Sudden Lights is a Latvian indie rock band, founded in 2012 in Riga. The band consists of vocalist Andrejs Reinis Zitmanis, drummer Mārtiņš Matīss Zemītis, guitarist Kārlis Matīss Zitmanis, and bassist Kārlis Vārtiņš. In February 2023, the group won Supernova 2023 with the song "Aijā" and will represent Latvia in the Eurovision Song Contest 2023.

Sudden Lights is one of the most streamed artists in Latvia. They play a combination of pop rock with slight alternative touches. Band's music  characterize  catchy melodies and melanholic notes. Group's musicians have multi-instrumentalist knowledge.

History 
The group was founded in 2012 by Andrejs Reinis Zitmanis and Mārtiņš Matīss Zemītis when they were both studying at the Pāvuls Jurjāns Music School in Riga. They were joined by Kārlis Matīss Zitmanis and Kārlis Vārtiņš. The first stepping stone on the path to growth for the band was their victory in the upcoming musician competition First Record ()  at the Riga State Gymnasium No.1. The first prize of the competition was the opportunity to record a song. The group used their prize to record "Tik Savādi" (So Strange).  This was the first song to be released by Sudden Lights. Their subsequent creative efforts culminated in the band's debut album, which was preceded by the singles Suburban Waltz, The Age and On this Side of the Fence, which were immediately given playing time by Latvian radio stations. Meanwhile, music videos were released for the songs Suburban Waltz and On this Side of the Fence.

Priekšpilsētas (2017) 
On 22 September 22 2017, Sudden Lights presented their debut album "Priekšpilsētas" (Suburbs), which is made up of 10 songs in both Latvian and English. The band's first self-organized concert, in which they performed songs from the album took place at the Daile Music House in Riga on April 12, 2018. he band was joined on stage by Latvian musician Tīna Šipkēvica.he album brought the a band a Golden Microphone 2018 nomination for best debut.

LTV Supernova 2018

At the beginning of 2018, the band took part in Supernova 2018, Latvia's national selection competition for the Eurovision Song Contest 2018, with their song "Just Fine", the closing track of their debut album, and placed second.

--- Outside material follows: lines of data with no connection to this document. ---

(* Let $f,g\colon X\to Y$ be continuous maps, let $\pi\colon PY\to Y\times Y$, $\pi(\gamma)=(\gamma(0),\gamma(1))$, be the path fibration, and let $q\colon P\to X$ be the pull-back of $\pi$ along $(f,g)\colon X\to Y\times Y$; that is, $P=\{(x,\gamma)\in X\times PY:\gamma(0)=f(x),\ \gamma(1)=g(x)\}$ and $q(x,\gamma)=x$. Then $\mathrm{D}(f,g)=\mathrm{secat}(q)$.
   Context: $PY$ denotes the space of continuous paths $[0,1]\to Y$ with the compact-open topology. For continuous maps $f,g\colon X\to Y$, the homotopic distance $\mathrm{D}(f,g)$ is the least integer $n\geq 0$ such that there is an open cover $\{U_0,\dots,U_n\}$ of $X$ with $f|_{U_j}\simeq g|_{U_j}$ for all $j$ ($\infty$ if none exists). The Švarc genus (sectional category) $\mathrm{secat}(p)$ of a fibration $p\colon E\to B$ is the least integer $n\geq 0$ such that $B$ is covered by open sets $V_0,\dots,V_n$ over each of which $p$ admits a continuous local section. *)

theory Defs
  imports "HOL-Analysis.Analysis" "HOL-Library.Extended_Nat"
begin

text \<open>Free path space PY: continuous paths [0,1] -> Y (extensional, i.e. undefined
  outside [0,1], so that paths are determined by their values on [0,1]), with the
  compact-open topology generated by the subbasic sets
  {gamma. gamma ` K \<subseteq> U}, K \<subseteq> [0,1] compact, U open in Y.\<close>
definition path_space :: "'a topology \<Rightarrow> (real \<Rightarrow> 'a) topology" where
  "path_space Y = topology_generated_by
     {{\<gamma>. pathin Y \<gamma> \<and> \<gamma> \<in> extensional {0..1} \<and> \<gamma> ` K \<subseteq> U} | K U.
        compact K \<and> K \<subseteq> {0..1} \<and> openin Y U}"

definition homotopic_distance ::
  "'a topology \<Rightarrow> 'b topology \<Rightarrow> ('a \<Rightarrow> 'b) \<Rightarrow> ('a \<Rightarrow> 'b) \<Rightarrow> enat" where
  "homotopic_distance X Y f g =
     (INF n \<in> {n::nat. \<exists>U::nat \<Rightarrow> 'a set.
          (\<forall>j\<le>n. openin X (U j)) \<and> (\<Union>j\<le>n. U j) = topspace X \<and>
          (\<forall>j\<le>n. homotopic_with (\<lambda>h. True) (subtopology X (U j)) Y f g)}. enat n)"

definition secat :: "'e topology \<Rightarrow> 'b topology \<Rightarrow> ('e \<Rightarrow> 'b) \<Rightarrow> enat" where
  "secat E B p =
     (INF n \<in> {n::nat. \<exists>V::nat \<Rightarrow> 'b set.
          (\<forall>i\<le>n. openin B (V i)) \<and> (\<Union>i\<le>n. V i) = topspace B \<and>
          (\<forall>i\<le>n. \<exists>s. continuous_map (subtopology B (V i)) E s \<and>
                      (\<forall>x\<in>V i. p (s x) = x))}. enat n)"

definition pullback_path_space ::
  "'a topology \<Rightarrow> 'b topology \<Rightarrow> ('a \<Rightarrow> 'b) \<Rightarrow> ('a \<Rightarrow> 'b) \<Rightarrow> ('a \<times> (real \<Rightarrow> 'b)) topology" where
  "pullback_path_space X Y f g =
     subtopology (prod_topology X (path_space Y))
       {(x, \<gamma>). x \<in> topspace X \<and> \<gamma> \<in> topspace (path_space Y) \<and> \<gamma> 0 = f x \<and> \<gamma> 1 = g x}"

end

theory Submission
  imports Defs
begin

text \<open>A local section of the pull-back fibration over U assigns continuously to each x \<in> U a path
  from f x to g x. Since [0,1] is compact Hausdorff, the exponential law for the compact-open
  topology identifies such continuous families of paths with homotopies from f to g on U. Hence
  the open covers counted by D(f,g) and by secat(q) are the same, and so are the two infima.\<close>

lemma topspace_path_space:
  "topspace (path_space Y) = {\<gamma>. pathin Y \<gamma> \<and> \<gamma> \<in> extensional {0..1}}"
proof -
  have "{\<gamma>. pathin Y \<gamma> \<and> \<gamma> \<in> extensional {0..1} \<and> \<gamma> ` {} \<subseteq> topspace Y}
     \<in> {{\<gamma>. pathin Y \<gamma> \<and> \<gamma> \<in> extensional {0..1} \<and> \<gamma> ` K \<subseteq> U} | K U.
        compact K \<and> K \<subseteq> {0..1} \<and> openin Y U}"
    by blast
  then show ?thesis
    unfolding path_space_def topology_generated_by_topspace by auto
qed

lemma openin_path_space_image_subset:
  assumes "compact K" "K \<subseteq> {0..1}" "openin Y U"
  shows "openin (path_space Y) {\<gamma>. pathin Y \<gamma> \<and> \<gamma> \<in> extensional {0..1} \<and> \<gamma> ` K \<subseteq> U}"
  unfolding path_space_def by (rule topology_generated_by_Basis) (use assms in blast)

lemma pathin_image_cball_subset:
  assumes "pathin Y \<gamma>" "openin Y W" "t \<in> {0..1}" "\<gamma> t \<in> W"
  obtains e where "e > 0" "\<gamma> ` ({0..1} \<inter> cball t e) \<subseteq> W"
proof -
  have "openin (top_of_set {0..1}) ({0..1} \<inter> \<gamma> -` W)"
    using assms(1,2) by (auto simp: pathin_def continuous_map_openin_preimage_eq)
  then obtain e where "e > 0" and e: "\<And>s. s \<in> {0..1} \<Longrightarrow> dist s t < e \<Longrightarrow> \<gamma> s \<in> W"
    using assms(3,4) unfolding openin_euclidean_subtopology_iff by blast
  then have "\<gamma> ` ({0..1} \<inter> cball t (e/2)) \<subseteq> W"
    by (auto simp: dist_commute)
  with \<open>e > 0\<close> show thesis
    using that[of "e/2"] by simp
qed

lemma continuous_map_path_space_uncurry:
  assumes h: "continuous_map Z (path_space Y) h"
  shows "continuous_map (prod_topology (top_of_set {0..1}) Z) Y (\<lambda>(t, z). h z t)"
proof -
  let ?I = "top_of_set {0..1::real}"
  have hz: "pathin Y (h z)" "h z \<in> extensional {0..1}" if "z \<in> topspace Z" for z
    using continuous_map_image_subset_topspace[OF h] that by (auto simp: topspace_path_space)
  have "(\<lambda>(t, z). h z t) \<in> topspace (prod_topology ?I Z) \<rightarrow> topspace Y"
    using hz(1) path_image_subset_topspace by fastforce
  moreover have "\<exists>U. openin (prod_topology ?I Z) U \<and> (t0, z0) \<in> U \<and> (\<forall>p\<in>U. (\<lambda>(t, z). h z t) p \<in> W)"
    if t0: "t0 \<in> {0..1}" and z0: "z0 \<in> topspace Z" and W: "openin Y W" "h z0 t0 \<in> W" for t0 z0 W
  proof -
    obtain e where "e > 0" and e: "h z0 ` ({0..1} \<inter> cball t0 e) \<subseteq> W"
      using pathin_image_cball_subset[OF hz(1)[OF z0] W(1) t0 W(2)] by blast
    define V where "V = {z \<in> topspace Z.
      h z \<in> {\<gamma>. pathin Y \<gamma> \<and> \<gamma> \<in> extensional {0..1} \<and> \<gamma> ` ({0..1} \<inter> cball t0 e) \<subseteq> W}}"
    have "openin Z V"
      unfolding V_def
      by (rule openin_continuous_map_preimage[OF h openin_path_space_image_subset[OF _ _ W(1)]])
         (auto simp: compact_Int_closed)
    then have "openin (prod_topology ?I Z) (({0..1} \<inter> ball t0 e) \<times> V)"
      by (simp add: openin_prod_Times_iff openin_open_Int)
    moreover have "(t0, z0) \<in> ({0..1} \<inter> ball t0 e) \<times> V"
      using t0 z0 \<open>e > 0\<close> e hz[OF z0] by (simp add: V_def)
    moreover have "\<forall>p \<in> ({0..1} \<inter> ball t0 e) \<times> V. (\<lambda>(t, z). h z t) p \<in> W"
      by (auto simp: V_def)
    ultimately show ?thesis
      by blast
  qed
  ultimately show ?thesis
    unfolding continuous_map_eq_topcontinuous_at topcontinuous_at_def by fastforce
qed

lemma openin_compact_tube:
  assumes H: "continuous_map (prod_topology A Z) Y H" and K: "compactin A K" and W: "openin Y W"
  shows "openin Z {z \<in> topspace Z. \<forall>t\<in>K. H (t, z) \<in> W}"
proof (subst openin_subopen, intro ballI)
  let ?T = "{z \<in> topspace Z. \<forall>t\<in>K. H (t, z) \<in> W}"
  fix z0 assume z0: "z0 \<in> ?T"
  have preimage: "openin (prod_topology A Z) {p \<in> topspace (prod_topology A Z). H p \<in> W}"
    using H W by (rule openin_continuous_map_preimage)
  have slice: "K \<times> {z0} \<subseteq> {p \<in> topspace (prod_topology A Z). H p \<in> W}"
    using z0 compactin_subset_topspace[OF K] by auto
  obtain U V where "openin Z V" "z0 \<in> V" "K \<subseteq> U"
    "U \<times> V \<subseteq> {p \<in> topspace (prod_topology A Z). H p \<in> W}"
    using tube_lemma_left[OF preimage K _ slice] z0 by blast
  then have "V \<subseteq> ?T"
    using openin_subset by fastforce
  with \<open>openin Z V\<close> \<open>z0 \<in> V\<close> show "\<exists>V. openin Z V \<and> z0 \<in> V \<and> V \<subseteq> ?T"
    by blast
qed

lemma continuous_map_path_space_curry:
  assumes H: "continuous_map (prod_topology (top_of_set {0..1}) Z) Y H"
  shows "continuous_map Z (path_space Y) (\<lambda>z. restrict (\<lambda>t. H (t, z)) {0..1})"
proof -
  let ?F = "\<lambda>z. restrict (\<lambda>t. H (t, z)) {0..1}"
  have path: "pathin Y (?F z)" if "z \<in> topspace Z" for z
  proof -
    have "continuous_map (top_of_set {0..1}) Y (\<lambda>t. H (t, z))"
      using continuous_map_compose[OF _ H, of _ "\<lambda>t. (t, z)"] that
      by (simp add: continuous_map_paired o_def)
    then show ?thesis
      unfolding pathin_def by (rule continuous_map_eq) auto
  qed
  show ?thesis
    unfolding path_space_def
  proof (rule continuous_on_generated_topo)
    fix U assume "U \<in> {{\<gamma>. pathin Y \<gamma> \<and> \<gamma> \<in> extensional {0..1} \<and> \<gamma> ` K \<subseteq> W} | K W.
        compact K \<and> K \<subseteq> {0..1} \<and> openin Y W}"
    then obtain K W where U: "U = {\<gamma>. pathin Y \<gamma> \<and> \<gamma> \<in> extensional {0..1} \<and> \<gamma> ` K \<subseteq> W}"
      and K: "compact K" "K \<subseteq> {0..1}" and W: "openin Y W"
      by blast
    have "?F -` U \<inter> topspace Z = {z \<in> topspace Z. \<forall>t\<in>K. H (t, z) \<in> W}"
      using K(2) path by (force simp: U image_subset_iff)
    moreover have "compactin (top_of_set {0..1}) K"
      using K by (simp add: compactin_subtopology compactin_euclidean_iff)
    ultimately show "openin Z (?F -` U \<inter> topspace Z)"
      using openin_compact_tube[OF H _ W] by simp
  next
    show "?F ` topspace Z \<subseteq> \<Union> {{\<gamma>. pathin Y \<gamma> \<and> \<gamma> \<in> extensional {0..1} \<and> \<gamma> ` K \<subseteq> W} | K W.
        compact K \<and> K \<subseteq> {0..1} \<and> openin Y W}"
      using path topspace_path_space[of Y]
      unfolding path_space_def topology_generated_by_topspace by auto
  qed
qed

lemma continuous_map_pullback_path_space_iff:
  "continuous_map Z (pullback_path_space X Y f g) s \<longleftrightarrow>
     continuous_map Z X (fst \<circ> s) \<and> continuous_map Z (path_space Y) (snd \<circ> s) \<and>
     (\<forall>z\<in>topspace Z. snd (s z) 0 = f (fst (s z)) \<and> snd (s z) 1 = g (fst (s z)))"
  unfolding pullback_path_space_def continuous_map_in_subtopology continuous_map_pairwise
  using continuous_map_image_subset_topspace[of Z X "fst \<circ> s"]
    continuous_map_image_subset_topspace[of Z "path_space Y" "snd \<circ> s"]
  by (auto simp: image_subset_iff Pi_iff case_prod_unfold)

lemma homotopic_with_iff_pullback_section:
  "homotopic_with (\<lambda>h. True) (subtopology X U) Y f g \<longleftrightarrow>
    (\<exists>s. continuous_map (subtopology X U) (pullback_path_space X Y f g) s \<and> (\<forall>x\<in>U. fst (s x) = x))"
proof
  assume "homotopic_with (\<lambda>h. True) (subtopology X U) Y f g"
  then obtain H where H: "continuous_map (prod_topology (top_of_set {0..1::real}) (subtopology X U)) Y H"
    and H0: "\<And>x. H (0, x) = f x" and H1: "\<And>x. H (1, x) = g x"
    unfolding homotopic_with_def by blast
  define s where "s x = (x, restrict (\<lambda>t. H (t, x)) {0..1})" for x
  have "continuous_map (subtopology X U) (pullback_path_space X Y f g) s"
    unfolding continuous_map_pullback_path_space_iff
    using continuous_map_path_space_curry[OF H]
    by (simp add: s_def o_def H0 H1 continuous_map_from_subtopology)
  then show "\<exists>s. continuous_map (subtopology X U) (pullback_path_space X Y f g) s \<and> (\<forall>x\<in>U. fst (s x) = x)"
    by (auto simp: s_def)
next
  assume "\<exists>s. continuous_map (subtopology X U) (pullback_path_space X Y f g) s \<and> (\<forall>x\<in>U. fst (s x) = x)"
  then obtain s where s: "continuous_map (subtopology X U) (pullback_path_space X Y f g) s"
    and fst_s: "\<And>x. x \<in> U \<Longrightarrow> fst (s x) = x"
    by blast
  have paths: "continuous_map (subtopology X U) (path_space Y) (snd \<circ> s)"
    and ends: "\<And>x. x \<in> topspace (subtopology X U) \<Longrightarrow> snd (s x) 0 = f x \<and> snd (s x) 1 = g x"
    using s fst_s unfolding continuous_map_pullback_path_space_iff by auto
  \<comment> \<open>\<open>homotopic_with\<close> prescribes the ends for every x, not only for x in the subspace\<close>
  define G where "G = (\<lambda>(t::real, x). if t = 0 then f x else if t = 1 then g x else snd (s x) t)"
  have "continuous_map (prod_topology (top_of_set {0..1}) (subtopology X U)) Y G"
    using continuous_map_path_space_uncurry[OF paths]
    by (rule continuous_map_eq) (auto simp: G_def ends)
  then show "homotopic_with (\<lambda>h. True) (subtopology X U) Y f g"
    unfolding homotopic_with_def by (intro exI[of _ G]) (auto simp: G_def)
qed

theorem theorem2p8:
  fixes X :: "'a topology" and Y :: "'b topology" and f g :: "'a \<Rightarrow> 'b"
  assumes "continuous_map X Y f" and "continuous_map X Y g"
  shows "homotopic_distance X Y f g = secat (pullback_path_space X Y f g) X fst"
  unfolding homotopic_distance_def secat_def homotopic_with_iff_pullback_section by simp

end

Initially, the group failed to qualify for the semi-finals, but the LTV jury decided to give them access on a wild card. Having gotten a second chance, the group performed in the final and finished in 2nd place.

Brainstorm Tin Drum Tour 

While presenting the album, "About the Boy Who Plays the Tin Drum", on a concert tour, Latvian pop–rock band Brainstorm announced  that Sudden Lights would join accompany them on their Latvian tour as the support act for all five concerts. 60,000 people attended the closing concert of the tour at the Mežaparks Open-Air Scene in Riga.

Second studio tour and concert tour 

With the singles I Don't Want to Come Down to Earth and Animal, the band has announced second album "Vislabāk ir tur, kur manis nav" (The Best Place is Where I'm Not Around), which was released on October 11, 2019.  The album was produced by Jānis Aišpurs, with whom the band had already collaborated on several singles.  In late February 2020, the group began their first concert tour in Latvia. They performed in Valmiera,Liepāja and Alūksne before the COVID-19 pandemic forced them to cancel the closing concert scheduled for March 20 in Riga. 

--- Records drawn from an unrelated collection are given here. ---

(* Let $\varphi$ be an individually rational rule that is resource monotonic, strategy-proof and satisfies monotonic discoverability, and let $\mathbb{S}$ be the canonical pick-an-object mechanism that sequentializes $\varphi$. Then agents following straightforward strategies constitute the unique perfect ex-post equilibrium of the game induced by $\mathbb{S}$.
   Context: Let $A=\{a_1,\dots,a_n\}$ be a finite set of agents and $O=\{o_1,\dots,o_m\}\cup\{\emptyset\}$ a finite set of object types ($\emptyset$ the null object). Each agent $a$ has a strict preference $P_a$ over $O$ with weak version $R_a$; $\mathbb{P}$ is the set of strict preferences, $\mathcal{P}=\mathbb{P}^n$ the set of profiles; $P_{-a}$ denotes the others' preferences. An allocation is a function $\mu:A\to O$; a rule is $\varphi:\mathcal{P}\to\{\text{allocations}\}$, $\varphi_a(P)=\varphi(P)(a)$. Individually rational: $\varphi_a(P)R_a\emptyset$ always. Strategy-proof: $\varphi_a(P_a,P_{-a})R_a\varphi_a(P'_a,P_{-a})$ for all $a,P,P'_a$. Resource monotonic: for every agent $a^*$, profile $P$ and $P'_{a^*}$ with $\varphi_{a^*}(P'_{a^*},P_{-a^*})=\emptyset$, every $a\neq a^*$ has $\varphi_a(P'_{a^*},P_{-a^*})\,R_a\,\varphi_a(P)$. Monotonic discoverability: for $P$ and allocation $\mu$, $\mathcal{L}(P,\mu)$ is the set of profiles $P'$ such that for every $a$, $P'_a$ agrees with $P_a$ on $\mu(a)$ and on all objects $P_a$ ranks above $\mu(a)$ (same set above $\mu(a)$, same order). $\varphi$ satisfies monotonic discoverability if for every $\mu$ and $P$, either $\varphi(P)=\mu$ or some agent $a^*$ has $\varphi_{a^*}(P')\neq\mu(a^* )$ for all $P'\in\mathcal{L}(P,\mu)$. PAO mechanisms: a choice history is a finite (possibly empty) sequence $((\Omega_1,\omega_1),\dots,(\Omega_k,\omega_k))$, $\Omega_j\subseteq O$, $\omega_j\in\Omega_j$, with last choice $\omega_k$; $P_a$ is consistent with it if $\omega_jR_ao$ for all $j$ and $o\in\Omega_j$. A collective history $h^A=(h_1,\dots,h_n)$ is an $n$-tuple of choice histories ($h^{A-\emptyset}$: all empty); a profile $P$ is consistent with $h^A$ if each $P_{a_i}$ is consistent with $h_i$, and $P(h^A)$ is the set of such profiles. Define $\varphi(h^A)=\{\varphi(P):P\in P(h^A)\}$ and $\mu_i^\varphi(h^A)=\{\mu(a_i):\mu\in\varphi(h^A)\}$. A menu function $\mathbb{S}$ maps collective histories to $n$-tuples of subsets of $O$, with non-empty initial menus and, afterwards, agent $i$'s menu a subset of her last menu minus her last choice. The PAO mechanism $\mathbb{S}$: in period 1 every agent chooses from her initial menu; in each later period, given current $h^A$, if all menus in $\mathbb{S}(h^A)$ are empty the procedure stops and each agent receives her last choice; otherwise agents with non-empty menus choose an element; (menu, choice) is appended to each chooser's history. Straightforward strategy w.r.t. $P_a$: always choose the $P_a$-best element of the menu. $\mathbb{S}$ sequentializes $\varphi$ if straightforward play w.r.t. any $P$ yields $\varphi(P)$. The canonical PAO mechanism for $\varphi$ is given by: agent $i$'s menu $\mathbb{S}^i(h^A)$ is $\emptyset$ if $|\varphi(h^A)|=1$ or if agent $i$'s last choice in $h^A$ belongs to $\mu_i^\varphi(h^A)$, and is $\mu_i^\varphi(h^A)$ otherwise. Strategies and equilibrium: $H^A_{\mathbb{S}}$ is the set of collective histories that can arise, $H^A_{\mathbb{S}}(a)$ the set of agent $a$'s histories within them. A strategy for $a$ maps each pair (own history in $H^A_{\mathbb{S}}(a)\cup\{\emptyset\}$, menu $\Omega$) to an element of $\Omega$; a type-strategy maps preferences to strategies. $\mathcal{O}_a|_{h^A}(\sigma)$ is $a$'s assignment when $\mathbb{S}$ is run from $h^A$ with strategy profile $\sigma$. A type-strategy profile $(\Sigma_a)$ is a perfect ex-post equilibrium if for all $a$, all $h^A\in H^A_{\mathbb{S}}\cup\{h^{A-\emptyset}\}$, all strategies $\sigma'_a$ and all $P\in\mathcal{P}$: $\mathcal{O}_a|_{h^A}(\Sigma_a(P_a),(\Sigma_{a'}(P_{a'}))_{a'\neq a})\,R_a\,\mathcal{O}_a|_{h^A}(\sigma'_a,(\Sigma_{a'}(P_{a'}))_{a'\neq a})$. *)

theory Defs
  imports Main
begin

text \<open>A strict preference is a strict linear order
  on all objects, given as a relation p (p x y: x strictly preferred to y).\<close>

type_synonym 'o pref = "'o \<Rightarrow> 'o \<Rightarrow> bool"
type_synonym ('a, 'o) profile = "'a \<Rightarrow> 'o pref"
type_synonym ('a, 'o) rule = "('a, 'o) profile \<Rightarrow> 'a \<Rightarrow> 'o"
type_synonym 'o chist = "('o set \<times> 'o) list"
type_synonym ('a, 'o) chistA = "'a \<Rightarrow> 'o chist"
type_synonym ('a, 'o) menufun = "('a, 'o) chistA \<Rightarrow> 'a \<Rightarrow> 'o set"
type_synonym 'o strategy = "'o chist \<Rightarrow> 'o set \<Rightarrow> 'o"

definition strict_pref :: "'o pref \<Rightarrow> bool" where
  "strict_pref p \<longleftrightarrow> (\<forall>x. \<not> p x x) \<and> (\<forall>x y z. p x y \<longrightarrow> p y z \<longrightarrow> p x z)
     \<and> (\<forall>x y. x \<noteq> y \<longrightarrow> p x y \<or> p y x)"

definition weak :: "'o pref \<Rightarrow> 'o \<Rightarrow> 'o \<Rightarrow> bool" where
  "weak p x y \<longleftrightarrow> x = y \<or> p x y"

definition valid_profile :: "('a, 'o) profile \<Rightarrow> bool" where
  "valid_profile P \<longleftrightarrow> (\<forall>a. strict_pref (P a))"

definition individually_rational :: "'o \<Rightarrow> ('a, 'o) rule \<Rightarrow> bool" where
  "individually_rational null \<phi> \<longleftrightarrow>
     (\<forall>P a. valid_profile P \<longrightarrow> weak (P a) (\<phi> P a) null)"

definition strategy_proof :: "('a, 'o) rule \<Rightarrow> bool" where
  "strategy_proof \<phi> \<longleftrightarrow>
     (\<forall>P a p'. valid_profile P \<longrightarrow> strict_pref p' \<longrightarrow>
        weak (P a) (\<phi> P a) (\<phi> (P(a := p')) a))"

Third studio album and collaborations 

The band's 2020 collaboration with "Astro'n'out", that is, the song In Chaos won the Golden Microphone 2021 Award as Radio Hit of the Year[8]. In January 2021, the band started work on their third studio album together with producer Jānis Aišpurus. The first single of the forthcoming album is Silences, which was released in April 2021. Outside of writing the album, on which the band collaborated with the singer ANNNA, in remote sessions on the ZOOM platform, the song and radio single Save a Seat for Me was recorded. In August 2021, the next single of the forthcoming album In the Shadow of a Warm Summer was released. This was followed on 25 February 2022 by the release of the single Lanterns.  

The band's third studio album "Miljards vasaru" (A Billion Summers) was presented on May 13, 2022 in the Small Hall at Splendid Palace, with the band giving a small concert and presenting a documentary film about the production of the album.   The album was nominated for the Latvian record award Zelta Mikrofons 2023 as best pop album. The concert recording received a nomination as well as album desighn and two songs received people's choice nomination. 

Parallel to the release of the album, the single A Couple of Photos Not Taken was released. In the summer of 2022, - the song The World is Shaking , a collaboration between Sudden Lights and ZEBRENE was released. In the summer, Sudden Lights performed at the festivals Summer Sound, Positivus, Saldus Sun and Limbizkvīts, the Grand Latvian Music Concert, as well as at festivals in Jekabpils, Ventspils, Sigulda, Aizskraukle, Madona, Daugavpils and other cities. 

In the autumn of 2022, the band worked on its plan for a tour of Latvia, attracting the rapper ZEĻĢI as a special concert guest. Jasmine, a song jointly performed by Sudden Lights and ZEĻĢIS was also recorded during this period. The Billion Summer tour took place with concerts on 17 September in Jelgava (at the Black Hats Ballerina), September 23 in Valmiera (at the Valmiera Concert Hall), on September 24 in Liepaja (at the Wiktorija Culture Centre), and on October 8 at Hanzas Perons in Riga. The final concert of the tour at Hanzas Perons in Riga was also filmed as a concert video, Final Concert of Sudden Lights' Concert Tour Billion Summers.

2023 
In 2023, the group got 2. place with the single "Laternas"  in Latvian National radio 2 (LR2) Latvijas Radio song contest "Muzikālā Banka".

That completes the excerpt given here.